-Bantuan sosial tunai, serupa bantuan sembako, telah disalurkan sejak kasus Covid19 di Indonesia. Bedanya, bantuan tunai ini ditujukan untuk warga di luar Jabodetabek. Bantuan ini diberikan kepada warga terdampak Covid19, baik yang masuk dalam Data Komprehensif Kesejahteraan Sosial (DTKS) Kementerian Sosial (Kemensos). Pemerintah daerah bebas mengajukan permohonan bantuan. Tim Kemensos kemudian akan memverifikasi data yang diajukan untuk memastikan yang bersangkutan tidak termasuk dalam daftar penerima bantuan pemerintah pusat lainnya yang ada sebelum pandemi, sehingga tidak terjadi duplikasi data. Bantuan tersebut dikirimkan ke rekening masing-masing penerima melalui wire transfer atau disalurkan melalui PT Pos Indonesia.
-BLT dana desa, pemerintah juga menyalahgunakan sebagian anggaran dana desa BLT untuk menangani dampak ekonomi dari pandemi Covid19. Dana desa BLT tersebar dalam dua gelombang. Setiap gelombang terdiri dari tiga tahap. Gelombang pertama pada bulan April (Tahap I), Mei (Tahap II) dan Juni (Tahap III), dan gelombang kedua pada bulan Juli (Tahap IV), Agustus (Tahap V) dan September (Tahap enam)).
-Listrik gratis Pemerintah juga memberikan diskon tarif listrik bagi pelanggan yang terdampak pandemi Covid19. Insentif tersebut berupa keringanan tagihan, diskon listrik, pembatalan tarif minimum, dan pembatalan langganan. Selain perluasan cakupan pelanggan, masa insentif diperpanjang hingga Desember 2020. Pelanggan yang menerima subsidi listrik adalah pelanggan 450VA dan subsidi 900VA. Pengurangan tagihan listrik ini kemudian diperluas ke usaha kecil, menengah dan mikro, termasuk 900 VA untuk bisnis dan 900 VA untuk industri. Awalnya, listrik gratis itu berlaku selama 3 bulan, namun kemudian diperpanjang hingga akhir tahun dan bantuan lainnya.

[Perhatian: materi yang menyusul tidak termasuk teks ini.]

(* Let $A^{(n)}_k$ be Knuth's Faulhaber coefficients, defined by $$\sum_{n\ge1}\sum_{k=0}^{n-1}\frac{x^{2n}}{(2n)!}A^{(n)}_k y^{k}=\left(\frac{x\sqrt y}{2}\right)\frac{\cosh\!\left(\tfrac12 x\sqrt{y+4}\right)-\cosh\!\left(\tfrac12 x\sqrt y\right)}{\sinh\!\left(\tfrac12 x\sqrt y\right)},$$ and for $n\ge k\ge2$ let $b(n,k)=(-1)^{n-k}A^{(n)}_{n-k}\frac{(k!)^2}{(2k+1)!}$. Then for all $n\ge k\ge2$, $$b(n,k)=\frac{4\Gamma(2n+1)\Gamma(k+2)}{\Gamma(2k+3)}\sum_{j=0}^{\lfloor k/2\rfloor-1}\frac{(-1)^{j}\Gamma(2k-2-2j)}{\Gamma(k-1-2j)\Gamma(2j+2)}\,\frac{\zeta(2n-2j-2)}{(2\pi)^{2n-2j-2}},$$ where $\zeta$ is the Riemann zeta function. *)

theory Defs
  imports "HOL-Analysis.Analysis"
begin

definition riemann_zeta :: "real \<Rightarrow> real" where
  "riemann_zeta s = (\<Sum>m. 1 / (real (Suc m)) powr s)"

text \<open>The right-hand side of Knuth's generating function, as a function of x and y
  (extended by its limit value 0 at the removable point sinh(x sqrt y / 2) = 0).\<close>
definition faulhaber_gf :: "real \<Rightarrow> real \<Rightarrow> real" where
  "faulhaber_gf x y =
     (if sinh (x * sqrt y / 2) = 0 then 0
      else (x * sqrt y / 2) *
           (cosh (x * sqrt (y + 4) / 2) - cosh (x * sqrt y / 2)) / sinh (x * sqrt y / 2))"

definition faulhaber_A :: "nat \<Rightarrow> nat \<Rightarrow> real" where
  "faulhaber_A = (THE A.
      (\<forall>n k. (n = 0 \<or> n \<le> k) \<longrightarrow> A n k = 0) \<and>
      (\<forall>y > 0. \<exists>e > 0. \<forall>x. \<bar>x\<bar> < e \<longrightarrow>
          (\<lambda>n. \<Sum>k<n. x ^ (2 * n) / fact (2 * n) * A n k * y ^ k) sums faulhaber_gf x y))"

definition faulhaber_b :: "nat \<Rightarrow> nat \<Rightarrow> real" where
  "faulhaber_b n k = (-1) ^ (n - k) * faulhaber_A n (n - k) * (fact k)\<^sup>2 / fact (2 * k + 1)"

end

theory Submission
  imports Defs "HOL-Complex_Analysis.Cauchy_Integral_Formula"
begin

text \<open>
  Put \<open>T = x\<^sup>2\<close>, \<open>C r = cosh \<surd>(rT)\<close> and \<open>S r = sinh \<surd>(rT) / \<surd>(rT)\<close>, as power series
  in \<open>T\<close>. The generating function is \<open>(C (y/4 + 1) - C (y/4)) / S (y/4)\<close>; expanding
  \<open>(y/4 + 1)\<^sup>m - (y/4)\<^sup>m\<close> binomially shows that \<open>A\<^sup>(\<^sup>n\<^sup>)\<^sub>n\<^sub>-\<^sub>k\<close> is \<open>(2n)! / 4\<^bsup>n-k\<^esup>\<close> times
  the \<open>T\<^sup>n\<close>-coefficient of \<open>T\<^sup>k (C 1)\<^bsup>(k)\<^esup> / (k! S 1)\<close>. Rescaling \<open>T\<close> by \<open>-1/4\<close> turns
  \<open>C\<close> and \<open>S\<close> into \<open>cos z\<close> and \<open>sin z / z\<close> with \<open>z = \<surd>T / 2\<close>. Iterating the Euler operator
  \<open>T d/dT\<close> gives \<open>(-4T)\<^sup>k (d/dT)\<^sup>k cos z = P\<^sub>k(T) cos z + R\<^sub>k(T) sin z / z\<close> with explicit
  polynomials \<open>P\<^sub>k\<close>, \<open>R\<^sub>k\<close>, where \<open>R\<^sub>k\<close> has degree below \<open>k\<close> once \<open>k \<ge> 2\<close>. Dividing by \<open>sin z / z\<close>
  therefore leaves \<open>P\<^sub>k(T) z cot z\<close> in every degree \<open>n \<ge> k\<close>, and Euler's series
  \<open>z cot z = 1 - 2 \<Sum>\<^sub>m \<zeta>(2m) (z/\<pi>)\<^bsup>2m\<^esup>\<close>, obtained from the partial fractions of the
  cotangent, turns the coefficients of \<open>P\<^sub>k\<close> into the stated Gamma quotients.
\<close>

section \<open>Uniqueness of power series expansions\<close>

lemma powser_coeff_zero_if_sums_zero_at_right:
  fixes d :: "nat \<Rightarrow> real"
  assumes "\<delta> > 0"
    and zero: "\<And>T. 0 < T \<Longrightarrow> T < \<delta> \<Longrightarrow> (\<lambda>n. d n * T ^ n) sums 0"
  shows "d n = 0"
proof -
  define r where "r = \<delta> / 2"
  have r: "0 < r" "r < \<delta>" using \<open>\<delta> > 0\<close> by (auto simp: r_def)
  have "summable (\<lambda>n. d n * r ^ n)" using zero[OF r] by (simp add: sums_iff)
  then have radius: "ereal r \<le> conv_radius d" using conv_radius_geI[of d r] r by simp
  define f where "f x = (\<Sum>n. d n * x ^ n)" for x :: real
  have f: "(\<lambda>n. d n * x ^ n) sums f x" if "norm x < r" for x
    using that unfolding f_def
    by (intro summable_sums summable_in_conv_radius order.strict_trans2[OF _ radius]) simp
  have f_zero: "f x = 0" if "0 < x" "x < r" for x
    using zero[of x] that r by (simp add: f_def sums_iff)
  have "d 0 = 0"
  proof -
    have "(f \<longlongrightarrow> d 0) (at_right 0)"
      using powser_limit_0[OF r(1) f] by (simp add: filterlim_at_split)
    moreover have "eventually (\<lambda>x. f x = 0) (at_right (0::real))"
      using r(1) by (auto simp: eventually_at_right_field intro!: exI[of _ r] f_zero)
    ultimately show ?thesis
      by (metis tendsto_eventually tendsto_unique trivial_limit_at_right_real)
  qed
  show ?thesis
  proof (rule ccontr)
    assume "d n \<noteq> 0"
    with \<open>d 0 = 0\<close> have "n > 0" by (cases n) auto
    have "f 0 = 0" using \<open>d 0 = 0\<close> by (simp add: f_def)
    \<comment> \<open>a power series that is not identically zero has isolated zeros\<close>
    then obtain s where s: "0 < s" "\<And>z. z \<in> cball 0 s - {0} \<Longrightarrow> f z \<noteq> 0"
      using powser_0_nonzero[where r=r and a=d and \<xi>=0 and f=f and m=n] r f \<open>d n \<noteq> 0\<close> \<open>n > 0\<close>
      by auto
    have "min s (r/2) \<in> cball 0 s - {0}" using s r by auto
    moreover have "f (min s (r/2)) = 0" using s r by (intro f_zero) auto
    ultimately show False using s by blast
  qed
qed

Meski berbagai bantuan telah diberikan, banyak perekonomian masyarakat yang belum pulih sejak pandemi. Hal ini disebabkan oleh 3 hal. Pertama, jumlah masyarakat berpenghasilan rendah meningkat selama pandemi. Karena banyaknya PHK dan usaha kecil, menengah dan mikro yang tutup, bisnis yang dulu makmur sekarang diturunkan peringkatnya. Kedua, daya beli masyarakat menurun drastis. Tingkat bawah tidak lagi memiliki kemampuan untuk membeli, sedangkan tingkat menengah atas menahan konsumsi. Ketiga, model penyaluran bantuan cenderung dihentikan. Misalnya, beberapa bantuan seperti BLT mencapai 600.000 rupee dalam 3 bulan pertama, tetapi jumlahnya berkurang setengahnya setelah itu. Bantuan dan subsidi pemerintah hanyalah pertimbangan jangka pendek. Padahal, pandemi Covid19 memiliki efek jangka panjang yang membutuhkan dana besar. Pemerintah juga terlihat bersemangat mengatasi masalah ekonomi akibat pandemi. Pemerintah juga khawatir jika daya beli masyarakat tidak dapat ditingkatkan, pertumbuhan ekonomi Indonesia akan kembali negatif di masa mendatang. Padahal, jika demikian halnya, kemiskinan ekstrem bukan tidak mungkin.